"Aber im ernsthaften Problemschach gilt u. a. die Regel, dass die Stellung "erspielbar" sein muss!"
ja, offensichtlich weiß vabanque das. die frage ist, inwiefern aufgaben mit stellungen, die aus irgendwelchen gründen nicht erreichbar sind, nicht ernsthaft sind, während eine stellung wie diese, bei der wir uns wohl alle einig sind, dass sie niemals in einer realen partie aufs brett kommt, seriöser ist.
mir kommt es eher so vor, als ob die aufgabensteller sich mit so einer einschränkung einen anstrich von seriosität geben wollen, von wegen: schaut, was wir machen, hat auf jeden fall für schachspieler einen greifbaren nutzen, denn sowas kann ihnen wirklich begegnen. das ist aber bei zum beispiel dieser aufgabe ganz offensichtlich nicht der fall (das gilt meiner ansicht nach übrigens für den allergrößten teil konstruierter aufgaben).

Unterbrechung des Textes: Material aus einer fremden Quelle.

(* Let $\mathrm{IC}(\mathbf{a}_0,\dots,\mathbf{a}_{n-1})$ be an interval circulant matrix. For any nonzero $A\in\mathrm{IC}(\mathbf{a}_0,\dots,\mathbf{a}_{n-1})$ there exists $k\in\{0,\dots,n-1\}$ such that $A^{(k)}\ne0$ and $A^{(k)}/\lambda(A^{(k)})\le A/\lambda(A)$ entrywise.
   Context: $\mathrm{Circ}(a_0,\dots,a_{n-1})$ is the matrix with $A_{i,j}=a_t$, $t\in\{0,\dots,n-1\}$, $t\equiv j-i\pmod n$. $\mathrm{IC}(\mathbf{a}_0,\dots,\mathbf{a}_{n-1})$ is the set of all $\mathrm{Circ}(a_0,\dots,a_{n-1})$ with $a_t\in\mathbf{a}_t$, where each $\mathbf{a}_t\subseteq\mathbb{R}_+$ is a nonempty interval of one of the forms $[\underline{a}_t,\overline{a}_t]$, $(\underline{a}_t,\overline{a}_t)$, $(\underline{a}_t,\overline{a}_t]$, $[\underline{a}_t,\overline{a}_t)$. For $k\in\{0,\dots,n-1\}$, $A^{(k)}=\mathrm{Circ}(\underline{a}_0,\dots,\underline{a}_{k-1},\overline{a}_k,\underline{a}_{k+1},\dots,\underline{a}_{n-1})$. $\lambda(\cdot)$ is the greatest max-algebraic eigenvalue (maximum cycle geometric mean). *)

theory Defs
  imports Complex_Main
begin

text \<open>n x n matrices are functions nat => nat => real, indices 0..n-1, zero outside.\<close>

definition circ :: "nat \<Rightarrow> (nat \<Rightarrow> real) \<Rightarrow> (nat \<Rightarrow> nat \<Rightarrow> real)" where
  "circ n a = (\<lambda>i j. if i < n \<and> j < n then a ((j + n - i) mod n) else 0)"

definition ivl :: "real \<Rightarrow> real \<Rightarrow> bool \<Rightarrow> bool \<Rightarrow> real set" where
  "ivl lo hi lc rc = {x. (if lc then lo \<le> x else lo < x) \<and> (if rc then x \<le> hi else x < hi)}"

definition IC :: "nat \<Rightarrow> (nat \<Rightarrow> real) \<Rightarrow> (nat \<Rightarrow> real) \<Rightarrow> (nat \<Rightarrow> bool) \<Rightarrow> (nat \<Rightarrow> bool)
                   \<Rightarrow> (nat \<Rightarrow> nat \<Rightarrow> real) set" where
  "IC n lo hi lc rc = {circ n a | a. \<forall>t<n. a t \<in> ivl (lo t) (hi t) (lc t) (rc t)}"

definition Ak :: "nat \<Rightarrow> (nat \<Rightarrow> real) \<Rightarrow> (nat \<Rightarrow> real) \<Rightarrow> nat \<Rightarrow> (nat \<Rightarrow> nat \<Rightarrow> real)" where
  "Ak n lo hi k = circ n (\<lambda>t. if t = k then hi t else lo t)"

text \<open>Max-algebraic eigenvalue = maximum cycle geometric mean, taken over all closed walks
  p 0 -> p 1 -> ... -> p m = p 0 of length 1 <= m <= n (equal to the max over elementary cycles).\<close>
definition mp_lambda :: "nat \<Rightarrow> (nat \<Rightarrow> nat \<Rightarrow> real) \<Rightarrow> real" where
  "mp_lambda n A = Max {root m (\<Prod>j<m. A (p j) (p (Suc j))) | m p.
      1 \<le> m \<and> m \<le> n \<and> (\<forall>j\<le>m. p j < n) \<and> p m = p 0}"

end

theory Submission
  imports Defs "HOL-Library.FuncSet"
begin

text \<open>The greatest cycle mean of a nonnegative circulant is its largest coefficient \<open>c k\<close>:
  no closed walk can beat the largest entry, and the walk \<open>j \<mapsto> j k mod n\<close> uses only
  entries equal to \<open>c k\<close>. Hence for \<open>A = Circ(a)\<close> with \<open>a k\<close> maximal, \<open>A^(k)\<close> has
  eigenvalue \<open>hi k\<close> and \<open>A\<close> has eigenvalue \<open>a k\<close>; entrywise,
  \<open>hi k / hi k = a k / a k\<close> on the \<open>k\<close>-th diagonal and \<open>lo t / hi k \<le> a t / a k\<close> elsewhere.\<close>

definition cycle_means :: "nat \<Rightarrow> (nat \<Rightarrow> nat \<Rightarrow> real) \<Rightarrow> real set" where
  "cycle_means n A = {root m (\<Prod>j<m. A (p j) (p (Suc j))) | m p.
      1 \<le> m \<and> m \<le> n \<and> (\<forall>j\<le>m. p j < n) \<and> p m = p 0}"

lemma mp_lambda_eq_Max_cycle_means: "mp_lambda n A = Max (cycle_means n A)"
  unfolding mp_lambda_def cycle_means_def ..

lemma finite_cycle_means: "finite (cycle_means n A)"
proof -
  define f where "f = (\<lambda>(m::nat, p::nat \<Rightarrow> nat). root m (\<Prod>j<m. A (p j) (p (Suc j))))"
  have "cycle_means n A \<subseteq> f ` (SIGMA m:{1..n}. {..m} \<rightarrow>\<^sub>E {..<n})"
  proof
    fix x assume "x \<in> cycle_means n A"
    then obtain m p where x: "x = root m (\<Prod>j<m. A (p j) (p (Suc j)))"
      and m: "1 \<le> m" "m \<le> n" and p: "\<forall>j\<le>m. p j < n"
      unfolding cycle_means_def by blast
    have "x = f (m, restrict p {..m})"
      unfolding x f_def by (auto intro!: prod.cong arg_cong[where f="root m"])
    moreover have "(m, restrict p {..m}) \<in> (SIGMA m:{1..n}. {..m} \<rightarrow>\<^sub>E {..<n})"
      using m p by auto
    ultimately show "x \<in> f ` (SIGMA m:{1..n}. {..m} \<rightarrow>\<^sub>E {..<n})" by blast
  qed
  then show ?thesis
    by (rule finite_subset) (auto intro!: finite_PiE)
qed

lemma cycle_mean_le_entry_bound:
  assumes "\<forall>i<n. \<forall>j<n. 0 \<le> A i j \<and> A i j \<le> c" and "x \<in> cycle_means n A"
  shows "x \<le> c"
proof -
  obtain m p where x: "x = root m (\<Prod>j<m. A (p j) (p (Suc j)))"
    and m: "1 \<le> m" and p: "\<forall>j\<le>m. p j < n"
    using assms(2) unfolding cycle_means_def by blast
  have entries: "0 \<le> A (p j) (p (Suc j)) \<and> A (p j) (p (Suc j)) \<le> c" if "j < m" for j
    using assms(1) p that by auto
  have "0 \<le> c" using entries[of 0] m by linarith
  have "(\<Prod>j<m. A (p j) (p (Suc j))) \<le> (\<Prod>j<m. c)"
    by (rule prod_mono) (use entries in auto)
  then have "x \<le> root m (c ^ m)"
    unfolding x using m by (simp add: real_root_le_iff)
  also have "\<dots> = c"
    using m \<open>0 \<le> c\<close> by (intro real_root_power_cancel) auto
  finally show ?thesis .
qed

lemma mod_mult_Suc_diff:
  fixes n k j :: nat
  assumes "k < n"
  shows "((Suc j * k) mod n + n - (j * k) mod n) mod n = k"
proof -
  have "(j * k) mod n < n" using assms by simp
  then have "int (((Suc j * k) mod n + n - (j * k) mod n) mod n)
        = (int ((Suc j * k) mod n) + int n - int ((j * k) mod n)) mod int n"
    by (simp add: zmod_int of_nat_diff)
  also have "\<dots> = (int (Suc j * k) + int n - int (j * k)) mod int n"
    by (metis mod_diff_left_eq mod_diff_right_eq mod_add_left_eq zmod_int)
  also have "\<dots> = int k"
    using assms by (simp add: algebra_simps)
  finally show ?thesis by simp
qed

lemma circ_coeff_in_cycle_means:
  assumes "n \<ge> 1" and "k < n" and "0 \<le> c k"
  shows "c k \<in> cycle_means n (circ n c)"
proof -
  define p where "p = (\<lambda>j. (j * k) mod n)"
  have "circ n c (p j) (p (Suc j)) = c k" for j
    unfolding circ_def p_def using assms mod_mult_Suc_diff[OF \<open>k < n\<close>, of j] by auto
  then have "root n (\<Prod>j<n. circ n c (p j) (p (Suc j))) = c k"
    using assms by (simp add: real_root_power_cancel)
  moreover have "root n (\<Prod>j<n. circ n c (p j) (p (Suc j))) \<in> cycle_means n (circ n c)"
    unfolding cycle_means_def using assms(1) by (auto simp: p_def intro!: exI[of _ n] exI[of _ p])
  ultimately show ?thesis by simp
qed

lemma mp_lambda_circ:
  assumes "n \<ge> 1" and "\<forall>t<n. 0 \<le> c t" and "k < n" and "\<forall>t<n. c t \<le> c k"
  shows "mp_lambda n (circ n c) = c k"
proof -
  have entry_bounds: "\<forall>i<n. \<forall>j<n. 0 \<le> circ n c i j \<and> circ n c i j \<le> c k"
    unfolding circ_def using assms by auto
  show ?thesis
    unfolding mp_lambda_eq_Max_cycle_means
  proof (rule Max_eqI[OF finite_cycle_means])
    show "x \<le> c k" if "x \<in> cycle_means n (circ n c)" for x
      using cycle_mean_le_entry_bound[OF entry_bounds that] .
    show "c k \<in> cycle_means n (circ n c)"
      using circ_coeff_in_cycle_means assms by blast
  qed
qed

lemma circ_eq_zero_iff: "circ n c = (\<lambda>i j. 0) \<longleftrightarrow> (\<forall>t<n. c t = 0)"
proof
  assume "circ n c = (\<lambda>i j. 0)"
  moreover have "c t = circ n c 0 t" if "t < n" for t
    using that by (simp add: circ_def)
  ultimately show "\<forall>t<n. c t = 0" by simp
qed (auto simp: circ_def fun_eq_iff)

lemma circ_mono_scaled:
  assumes "\<forall>t<n. b t / \<beta> \<le> c t / \<gamma>" and "i < n" and "j < n"
  shows "circ n b i j / \<beta> \<le> circ n c i j / \<gamma>"
proof -
  have "(j + n - i) mod n < n" using assms(2) by simp
  then show ?thesis using assms by (simp add: circ_def)
qed

lemma circ_max_coeff_pos:
  assumes "circ n a \<noteq> (\<lambda>i j. 0)" and "\<forall>t<n. 0 \<le> a t" and "\<forall>t<n. a t \<le> a k"
  shows "a k > 0"
proof (rule ccontr)
  assume "\<not> a k > 0"
  then have "\<forall>t<n. a t = 0" using assms(2,3) by (meson order.antisym not_le order_trans)
  with assms(1) show False unfolding circ_eq_zero_iff by blast
qed

lemma mp_lambda_Ak:
  assumes "n \<ge> 1" and "k < n" and "\<forall>t<n. 0 \<le> lo t \<and> lo t \<le> hi k"
  shows "mp_lambda n (Ak n lo hi k) = hi k"
proof -
  define b where "b = (\<lambda>t. if t = k then hi t else lo t)"
  have b_nonneg: "\<forall>t<n. 0 \<le> b t" and b_max: "\<forall>t<n. b t \<le> b k"
    using assms(2,3) unfolding b_def by force+
  have "mp_lambda n (circ n b) = b k" using mp_lambda_circ[OF assms(1) b_nonneg assms(2) b_max] .
  then show ?thesis unfolding Ak_def b_def by simp
qed

lemma Ak_coeff_ratio_le:
  fixes lo hi a :: "nat \<Rightarrow> real"
  assumes "\<forall>t<n. 0 \<le> lo t \<and> lo t \<le> a t \<and> a t \<le> hi t" and "k < n" and "a k > 0"
  shows "\<forall>t<n. (if t = k then hi t else lo t) / hi k \<le> a t / a k"
proof (intro allI impI)
  fix t assume "t < n"
  have "a k \<le> hi k" using assms(1,2) by blast
  show "(if t = k then hi t else lo t) / hi k \<le> a t / a k"
  proof (cases "t = k")
    case True
    have "hi k \<noteq> 0" using \<open>a k \<le> hi k\<close> assms(3) by linarith
    with True show ?thesis using assms(3) by simp
  next
    case False
    have "0 \<le> a t" and "lo t \<le> a t" using assms(1) \<open>t < n\<close> by auto
    then have "lo t / hi k \<le> a t / a k" using assms(3) \<open>a k \<le> hi k\<close> by (rule frac_le)
    with False show ?thesis by simp
  qed
qed

theorem lemma4:
  fixes n :: nat and lo hi :: "nat \<Rightarrow> real" and lc rc :: "nat \<Rightarrow> bool"
    and A :: "nat \<Rightarrow> nat \<Rightarrow> real"
  assumes "n \<ge> 1"
    and "\<forall>t<n. 0 \<le> lo t"
    and "\<forall>t<n. ivl (lo t) (hi t) (lc t) (rc t) \<noteq> {}"
    and "A \<in> IC n lo hi lc rc"
    and "A \<noteq> (\<lambda>i j. 0)"
  shows "\<exists>k<n. Ak n lo hi k \<noteq> (\<lambda>i j. 0) \<and>
           (\<forall>i<n. \<forall>j<n. Ak n lo hi k i j / mp_lambda n (Ak n lo hi k) \<le> A i j / mp_lambda n A)"
proof -
  obtain a where A: "A = circ n a" and a_ivl: "\<forall>t<n. a t \<in> ivl (lo t) (hi t) (lc t) (rc t)"
    using assms(4) unfolding IC_def by blast
  have a_bounds: "\<forall>t<n. 0 \<le> lo t \<and> lo t \<le> a t \<and> a t \<le> hi t"
    using a_ivl assms(2) unfolding ivl_def by (auto split: if_splits)
  then have a_nonneg: "\<forall>t<n. 0 \<le> a t" by (meson order_trans)
  have "Max (a ` {..<n}) \<in> a ` {..<n}"
    using assms(1) by (intro Max_in) (auto simp: lessThan_empty_iff)
  then obtain k where k: "k < n" and "a k = Max (a ` {..<n})" by auto
  then have a_max: "\<forall>t<n. a t \<le> a k" by simp
  have "a k > 0" using assms(5) a_nonneg a_max unfolding A by (rule circ_max_coeff_pos)
  have "\<forall>t<n. 0 \<le> lo t \<and> lo t \<le> hi k"
  proof (intro allI impI)
    fix t assume "t < n"
    then show "0 \<le> lo t \<and> lo t \<le> hi k"
      using a_bounds a_max k by (meson order_trans)
  qed
  then have lambda_Ak: "mp_lambda n (Ak n lo hi k) = hi k"
    by (rule mp_lambda_Ak[OF assms(1) k])
  have lambda_A: "mp_lambda n A = a k"
    unfolding A using mp_lambda_circ[OF assms(1) a_nonneg k a_max] .
  show ?thesis
  proof (intro exI[of _ k] conjI allI impI)
    show "Ak n lo hi k \<noteq> (\<lambda>i j. 0)"
      unfolding Ak_def circ_eq_zero_iff using k a_bounds \<open>a k > 0\<close> by fastforce
    fix i j assume "i < n" "j < n"
    then show "Ak n lo hi k i j / mp_lambda n (Ak n lo hi k) \<le> A i j / mp_lambda n A"
      unfolding lambda_Ak lambda_A unfolding Ak_def A
      by (rule circ_mono_scaled[OF Ak_coeff_ratio_le[OF a_bounds k \<open>a k > 0\<close>]])
  qed (rule k)
qed

end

dann kann der problemschachler erwidern: vll nicht genau diese stellung, aber die motive können in realen partien auftreten. und darauf kann ich nur erwidern: das gilt auch für unerreichbare konstruierte aufgaben. womit wir wieder bei der ursprünglichen frage sind: welchen vernünftigen grund gibt es für die einschränkung, dass stellungen erreichbar sein müssen?
"Sicher kann man sog. "Spaßaufgaben" mit 10 oder 15 weißen Damen oder mit allen 16 Bauern auf der Grundlinie der anderen Seite basteln."
dein beispiel klingt so veralbernd, aber auch mit normalen zügen kannst du stellungen mit über 10 damen basteln (hat jemand mal überlegt, wieviele genau?). das ist dann weniger albern, weil?